OMR-Research / tf-end-to-end

TensorFlow code to perform end-to-end Optical Music Recognition on monophonic scores through Convolutional Recurrent Neural Networks and CTC-based training.
MIT License
141 stars 59 forks source link

Features to Sequence step #7

Closed jonwoodburn closed 5 years ago

jonwoodburn commented 5 years ago

Hi, great work on the code. I am trying to understand every step of your code and have a question regarding the features-to-sequence step in ctc_model:

features = tf.transpose(x, perm=[2, 0, 3, 1])
feature_dim = params['conv_filter_n'][-1] * (params['img_height'] / height_reduction)
feature_width = input_shape[2] / width_reduction
features = tf.reshape(features, tf.stack([tf.cast(feature_width,'int32'), input_shape[0], tf.cast(feature_dim,'int32')]))

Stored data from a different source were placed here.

lemma D_unit_vec_eqI:
  assumes "D (brk lam (unit_vec (L 0)) (unit_vec c)) = vscale (- of_int (idx c)) (D (unit_vec c))"
  shows "D (unit_vec c) = brk lam inner_elt (unit_vec c)"
proof (rule L0_weight_equation_unique)
  show "idx_hom (idx c + k) (D (unit_vec c))" by (rule idx_hom_D_unit_vec)
  show "idx_hom (idx c + k) (brk lam inner_elt (unit_vec c))"
    unfolding inner_elt_def by (rule idx_hom_brk_odd_elt)
  show "idx c + k \<noteq> idx c" using degree_nonzero by simp
  show "vscale (- of_int (idx c)) (D (unit_vec c)) =
      vadd (brk lam (brk lam inner_elt (unit_vec (L 0))) (unit_vec c))
        (brk lam (unit_vec (L 0)) (D (unit_vec c)))"
    using D_leibniz_L0 D_unit_vec_L0 assms by simp
  show "vscale (- of_int (idx c)) (brk lam inner_elt (unit_vec c)) =
      vadd (brk lam (brk lam inner_elt (unit_vec (L 0))) (unit_vec c))
        (brk lam (unit_vec (L 0)) (brk lam inner_elt (unit_vec c)))"
    unfolding inner_elt_def by (rule brk_odd_elt_jacobi_L0)
qed

lemma D_unit_vec_H: "D (unit_vec (H n)) = (\<lambda>_. 0)"
proof -
  have "brk lam (unit_vec (L 0)) (unit_vec (H n)) = vscale (- of_int n) (unit_vec (H n))"
    by (simp add: brk_unit_vec)
  then have "D (unit_vec (H n)) = brk lam inner_elt (unit_vec (H n))"
    by (intro D_unit_vec_eqI) (simp add: D_vscale fin_unit_vec)
  then show ?thesis
    unfolding inner_elt_def brk_odd_elt_H .
qed

lemma D_bracket_L0:
  "D (brk lam (unit_vec (L 0)) (unit_vec c)) = vscale (- of_int (idx c)) (D (unit_vec c))"
proof (cases c)
  case (G n)
  \<comment> \<open>[L_0, G_n] = -n G_n + \<lambda> H_n, so here D(H_n) = 0 is needed\<close>
  have "brk lam (unit_vec (L 0)) (unit_vec (G n)) =
      vadd (vscale (- of_int n) (unit_vec (G n))) (vscale lam (unit_vec (H n)))"
    by (simp add: brk_unit_vec)
  then show ?thesis
    using G
    by (simp only: D_vadd[OF fin_vscale fin_vscale] fin_unit_vec D_vscale D_unit_vec_H)
      (simp add: vadd_def vscale_def)
qed (simp_all add: brk_unit_vec D_vscale fin_unit_vec)

lemma D_unit_vec: "D (unit_vec c) = brk lam inner_elt (unit_vec c)"
  using D_unit_vec_eqI D_bracket_L0 by blast

lemma D_eq_brk_inner_elt: "fin x \<Longrightarrow> D x = brk lam inner_elt x"
proof (induction x rule: fin_vec_induct)
  case zero
  show ?case by (simp add: D_zero brk_zero_right)
next
  case (add y b s)
  have fin_inner: "fin inner_elt" unfolding inner_elt_def by (rule fin_odd_elt)
  have "D (vadd y (vscale s (unit_vec b))) = vadd (D y) (vscale s (D (unit_vec b)))"
    using add.hyps by (simp add: D_vadd D_vscale fin_vscale fin_unit_vec)
  also have "\<dots> = vadd (brk lam inner_elt y) (vscale s (brk lam inner_elt (unit_vec b)))"
    using add.IH D_unit_vec by simp
  also have "\<dots> = brk lam inner_elt (vadd y (vscale s (unit_vec b)))"
    using add.hyps fin_inner
    by (simp add: brk_vadd_right brk_vscale_right fin_vscale fin_unit_vec)
  finally show ?case .
qed

end

theorem lemma2p4:
  fixes lam :: complex and k :: int and D :: "vec \<Rightarrow> vec"
  assumes "k \<noteq> 0"
    and "odd_superder lam D"
    and "has_degree D k"
  shows "\<exists>a b :: complex. \<forall>x. fin x \<longrightarrow>
           D x = brk lam (vadd (vscale a (unit_vec (G k))) (vscale b (unit_vec (H k)))) x"
proof -
  interpret odd_superderivation lam k D
    using assms by unfold_locales
  show ?thesis
    using D_eq_brk_inner_elt unfolding inner_elt_def odd_elt_def by blast
qed

end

As I understand this, feature_dim would have a value of 256 * 8 (with normal model params). My question is how is this then fed into an RNN of 512 units, considering the feature_dim is 2048?

calvozaragoza commented 5 years ago

Hi,

It is connected in a dense manner: there will be 2048 times 512 connections. In other words, 2048 features are the input to the RNN layer, which has an output dimension of 512 activations.